Ma come si permette la Furlan, già li sentiamo, di sperare che proprio Bruxelles crei quei posti di lavoro che in Italia non ci sono? Ma cosa crede, che lassù siano interessati a noi? Da soli dobbiamo salvarci. Anzi, già che ci siamo, cominciamo a buttarci a mare prima che la nave affondi e lasciamola quest’Europa: torniamo alla liretta, alle svalutazioni, all’inflazione. Allora sì che eravamo allegri, spendevamo e spandevamo, ma eravamo felici: c’era lavoro per tutti, soldi per tutti, auto di gran lusso per tutti. Le tasse le pagavano tutti (no questo no: per la verità non le pagavano se non i soliti noti, ma tant’è), si andava a far la spesa con la borsetta piena di denaro contante (che era tanto anche se non valeva nulla), mica come adesso che non ci sono soldi, non c’è lavoro, non c’è casa. E poi gli immigrati: allora gli unici immigrati erano i calciatori delle squadre di calcio e basket. Quelli non rubavano mica il posto ai nostri figli (o magari solo a quelli che coi piedi e con il pallone erano delle schiappe fenomenali).

Perché dunque il sindacato “bianco” va così controcorrente? Perché quest’anno ricorre il 60esimo dei Trattati di Roma? Anche, ma le ricorrenze sono buone per la nostalgia non per la politica. No, dietro al manifesto per l’Europa annunciato dalla Furlan si nasconde un preciso disegno strategico.

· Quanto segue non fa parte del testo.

lemma distinct_subwalk:
  assumes "w \<noteq> []"
  obtains w' where "distinct w'" "w' \<noteq> []" "hd w' = hd w" "last w' = last w"
    "set (adj_pairs w') \<subseteq> set (adj_pairs w)"
  using assms
proof (induction "length w" arbitrary: w rule: less_induct)
  case less
  show ?case
  proof (cases "distinct w")
    case False
    then obtain xs ys zs y where w: "w = xs @ [y] @ ys @ [y] @ zs"
      using not_distinct_decomp by blast
    let ?v = "xs @ [y] @ zs"
    have "hd ?v = hd w" "last ?v = last w" using w by (cases xs; cases zs; simp)+
    moreover have "set (adj_pairs ?v) \<subseteq> set (adj_pairs w)"
      using w adj_pairs_append[of xs y zs] adj_pairs_append[of xs y "ys @ [y] @ zs"]
        adj_pairs_append[of "y # ys" y zs] by auto
    moreover have "length ?v < length w" using w by simp
    ultimately show ?thesis
      using less(1)[of ?v] less(2) by (metis Nil_is_append_conv not_Cons_self2 order.trans)
  qed (use less in blast)
qed

lemma is_walk_shortcut:
  assumes "is_walk E w"
  obtains w' where "is_walk E w'" "distinct w'" "hd w' = hd w" "last w' = last w"
    "set (adj_pairs w') \<subseteq> set (adj_pairs w)"
proof -
  have "w \<noteq> []" using assms unfolding is_walk_def by blast
  then obtain w' where w': "distinct w'" "w' \<noteq> []" "hd w' = hd w" "last w' = last w"
    "set (adj_pairs w') \<subseteq> set (adj_pairs w)"
    by (rule distinct_subwalk)
  moreover have "is_walk E w'" using w' assms unfolding is_walk_iff_adj_pairs by blast
  ultimately show thesis using that by blast
qed

lemma walk_weight_ge_dist: "w \<noteq> [] \<Longrightarrow> dist (hd w) (last w) \<le> walk_weight w"
proof (induction w rule: adj_pairs.induct)
  case (1 a b r)
  then show ?case
    using dist_triangle[of a "last (b # r)" b] by (auto simp: walk_weight_eq)
qed (auto simp: walk_weight_eq)

lemma walk_weight_ge_via:
  assumes "x \<in> set w"
  shows "dist (hd w) x + dist x (last w) \<le> walk_weight w"
proof -
  obtain as bs where w: "w = as @ x # bs" using assms split_list by metis
  have "walk_weight w = walk_weight (as @ [x]) + walk_weight (x # bs)"
    using adj_pairs_append[of as x bs] unfolding walk_weight_eq w by simp
  moreover have "dist (hd w) x \<le> walk_weight (as @ [x])"
    using walk_weight_ge_dist[of "as @ [x]"] w by (cases as) auto
  moreover have "dist x (last w) \<le> walk_weight (x # bs)"
    using walk_weight_ge_dist[of "x # bs"] w by (cases bs) auto
  ultimately show ?thesis by simp
qed

section \<open>Branches and the centroid of a tree\<close>

definition branch :: "pt set set \<Rightarrow> pt \<Rightarrow> pt \<Rightarrow> pt set" where
  "branch E x v = {u. \<exists>w. is_walk E w \<and> hd w = u \<and> last w = v \<and> x \<notin> set w}"

lemma branch_at_self: "branch E x x = {}"
  unfolding branch_def is_walk_def by auto

lemma branch_sym: "u \<in> branch E x v \<Longrightarrow> v \<in> branch E x u"
proof -
  assume "u \<in> branch E x v"
  then obtain w where w: "is_walk E w" "hd w = u" "last w = v" "x \<notin> set w"
    unfolding branch_def by blast
  then have "w \<noteq> []" unfolding is_walk_def by blast
  with w show ?thesis
    unfolding branch_def by (intro CollectI exI[of _ "rev w"]) (simp add: is_walk_rev hd_rev last_rev)
qed

lemma branch_trans: "u \<in> branch E x v \<Longrightarrow> v \<in> branch E x v' \<Longrightarrow> u \<in> branch E x v'"
proof -
  assume "u \<in> branch E x v" "v \<in> branch E x v'"
  then obtain w w' where w: "is_walk E w" "hd w = u" "last w = v" "x \<notin> set w"
    and w': "is_walk E w'" "hd w' = v" "last w' = v'" "x \<notin> set w'"
    unfolding branch_def by blast
  have ne: "w \<noteq> []" "w' \<noteq> []" using w w' unfolding is_walk_def by auto
  have "set (tl w') \<subseteq> set w'" by (cases w') auto
  then have "x \<notin> set (w @ tl w')" using w w' by auto
  with w w' ne show ?thesis
    unfolding branch_def by (intro CollectI exI[of _ "w @ tl w'"]) (simp add: is_walk_append_tl last_append_tl)
qed

lemma tree_edge_ne: "is_tree V E \<Longrightarrow> {u, v} \<in> E \<Longrightarrow> u \<noteq> v"
  unfolding is_tree_def by (auto simp: doubleton_eq_iff)

lemma tree_edge_in_vertices: "is_tree V E \<Longrightarrow> {u, v} \<in> E \<Longrightarrow> v \<in> V"
  unfolding is_tree_def by (auto simp: doubleton_eq_iff)

lemma tree_no_cycle:
  assumes "is_tree V E" "is_walk E c" "distinct c" "length c \<ge> 3" "{last c, hd c} \<in> E"
  shows False
  using assms unfolding is_tree_def by (metis (no_types, lifting))

lemma tree_edge_branches_disjoint:
  assumes tree: "is_tree V E" and e: "{y, z} \<in> E"
  shows "branch E z y \<inter> branch E y z = {}"
proof (rule ccontr)
  assume "branch E z y \<inter> branch E y z \<noteq> {}"
  then obtain p w1 w2 where w1: "is_walk E w1" "hd w1 = p" "last w1 = y" "z \<notin> set w1"
    and w2: "is_walk E w2" "hd w2 = p" "last w2 = z" "y \<notin> set w2"
    unfolding branch_def by blast
  have ne: "w1 \<noteq> []" "w2 \<noteq> []" using w1 w2 unfolding is_walk_def by auto
  let ?w = "rev w1 @ tl w2"
  have pairs: "adj_pairs ?w = adj_pairs (rev w1) @ adj_pairs w2"
    using adj_pairs_append_tl[of "rev w1" w2] ne w1 w2 by (simp add: last_rev)
  have "is_walk E ?w" using w1 w2 ne by (simp add: is_walk_append_tl is_walk_rev last_rev)
  moreover have "?w \<noteq> []" "hd ?w = y" "last ?w = z"
    using ne w1 w2 by (auto simp: hd_rev last_rev last_append_tl)
  ultimately obtain c where c: "is_walk E c" "distinct c" "hd c = y" "last c = z"
    "set (adj_pairs c) \<subseteq> set (adj_pairs ?w)"
    by (metis is_walk_shortcut)
  have "(y, z) \<notin> set (adj_pairs ?w)"
    using pairs set_adj_pairs_subset[of "rev w1"] set_adj_pairs_subset[of w2] w1 w2 by auto
  then have "c \<noteq> [y, z]" using c by (metis adj_pairs.simps(1) list.set_intros(1) subsetD)
  moreover have "y \<noteq> z" using tree e by (rule tree_edge_ne)
  moreover have "c \<noteq> []" using c(1) unfolding is_walk_def by blast
  ultimately have "length c \<ge> 3"
    using c by (cases c; cases "tl c"; cases "tl (tl c)") auto
  moreover have "{last c, hd c} \<in> E" using c e by (simp add: insert_commute)
  ultimately show False using tree_no_cycle[OF tree] c by blast
qed

lemma branch_subset_neighbour_branch:
  assumes tree: "is_tree V E" and "x \<in> V" "p \<in> V" "p \<noteq> x"
  obtains y where "{x, y} \<in> E" "branch E x p \<subseteq> branch E x y"
proof -
  obtain w where w: "is_walk E w" "hd w = p" "last w = x"
    using tree assms unfolding is_tree_def by blast
  then have "x \<in> set w" unfolding is_walk_def by auto
  then obtain as bs where w_split: "w = as @ x # bs" "x \<notin> set as"
    by (meson split_list_first)
  have as: "as \<noteq> []" using w w_split \<open>p \<noteq> x\<close> by auto
  have "adj_pairs w = adj_pairs as @ [(last as, x)] @ adj_pairs (x # bs)"
    using w_split adj_pairs_append[of as x bs] adj_pairs_snoc[OF as] by simp
  then have edge: "{last as, x} \<in> E" and "is_walk E as"
    using w as unfolding is_walk_iff_adj_pairs by auto
  then have "p \<in> branch E x (last as)"
    using w w_split as unfolding branch_def by auto
  then have "branch E x p \<subseteq> branch E x (last as)"
    using branch_trans by blast
  with edge show thesis by (intro that) (simp_all add: insert_commute)
qed

lemma finite_self_map_cycle:
  assumes "finite V" "x\<^sub>0 \<in> V" "f ` V \<subseteq> V"
  obtains x k where "x \<in> V" "0 < k" "(f ^^ k) x = x" "inj_on (\<lambda>m. (f ^^ m) x) {..<k}"
proof -
  define s where "s m = (f ^^ m) x\<^sub>0" for m
  have s_in: "s m \<in> V" for m
    by (induction m) (use assms in \<open>auto simp: s_def\<close>)
  have "\<not> inj s"
    using s_in finite_subset[OF _ \<open>finite V\<close>] finite_imageD[of s UNIV] by blast
  then have "\<exists>j. \<exists>i<j. s i = s j"
    unfolding inj_def by (metis linorder_neqE_nat)
  then obtain j where "\<exists>i<j. s i = s j" and j_least: "\<And>j'. j' < j \<Longrightarrow> \<not> (\<exists>i<j'. s i = s j')"
    using exists_least_iff[of "\<lambda>j. \<exists>i<j. s i = s j"] by blast
  then obtain i where ij: "i < j" "s i = s j" by blast
  have s_shift: "(f ^^ m) (s i) = s (m + i)" for m
    by (simp add: s_def funpow_add)
  have "inj_on s {..<j}"
    unfolding inj_on_def by (metis lessThan_iff j_least linorder_neqE_nat)
  then have "inj_on (\<lambda>m. (f ^^ m) (s i)) {..<j - i}"
    unfolding s_shift by (fastforce simp: inj_on_def less_diff_conv)
  moreover have "(f ^^ (j - i)) (s i) = s (j - i + i)" by (rule s_shift)
  then have "(f ^^ (j - i)) (s i) = s i" using ij by simp
  ultimately show thesis
    using ij s_in by (intro that) auto
qed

È un missile, ci si passi l’immagini un po’ truce, a testata multipla.

Da un lato la Furlan lanciando quest’idea, intende ridare fiato alle forze politiche e sociali che da sempre hanno fatto dell’Europa la casa comune. E tra queste in prima fila c’è proprio la Cisl che fin dalla sua fondazione, quando ancora c’erano le macerie fumanti della Seconda guerra mondiale, guardava al disegno europeista come a un orizzonte adeguato per le proprie politiche. In secondo luogo si tratta di sostenere le politiche espansive che oggi più che mai sono necessarie per ridare fiato all’ancora asfittica economia italiana. Di ciò potrebbe beneficiare certamente anche il Governo Gentiloni, impegnato in una discussione con la severa Commissione di Bruxelles, al quale potrebbero giovare anche la costituzione di un Fondo comune per il sostegno ai sussidi di disoccupazione, di una Unione fiscale, la realizzazione di un Ministero del tesoro europeo.

In terzo luogo il Manifesto della Cisl intende sviluppare alcune idee di politica economica, facendola finita con il Fiscal compact, e sostituendolo invece con l’Investment compact, cioè spostando l’attenzione dalla tassazione allo sviluppo industriale e produttivo. Si tratta poi di raddoppiare l’azione sindacale da Roma a Bruxelles, di spingere affinché l’azione dei singoli Governi (e dei singoli sindacati), si coordini. In altri termini allargando il campo, si allargano anche le squadre, si coinvolgono le forze sociali europee, oggi ancora restie in alcuni casi a far sentire la loro voce. Se volessimo usare una metafora calcistica, sarebbe come decidere che non si smetterà di giocare il campionato italiano di calcio, ma in compenso si darà il via a un vero e proprio campionato europeo.

Oggi, infatti, non tutti i sindacati europei sono convinti che loro compito sia quello di unire le forze e di operare insieme per un’Europa del lavoro e del sociale; non tutti accettano di discutere a Bruxelles i provvedimenti che riguardano l’Ue. Molti, soprattutto quelli tedeschi e nordeuropei, preferiscono, infatti, continuare a sviluppare il dialogo interno con i rispettivi governi, convinti come sono di ottenere così di più per i propri associati.

Costruire un vero meccanismo politico, economico e fiscale, a Bruxelles obbligherebbe infine tutti a uscire dal proprio torpore, sarebbe certo una risposta alle sfide lanciate all’Europa dal presidente Trump e dal trumpismo, sia quello vero d’oltreoceano, sia quello macchiettistico che spunta qua e là anche da noi.

Un Manifesto poco nostalgico, quindi, ma denso di proposte politiche: perché in fondo da Betlemme, per riprendere il punto da cui siamo partiti, qualcosa, meglio Qualcuno, di buono ci è arrivato. Non osiamo sperare così tanto bene dal “plat pays” di Jacques Brel, ma per quanto esso sia attraversato dalle nebbie non potrà neppure nascondere la porta dell’inferno!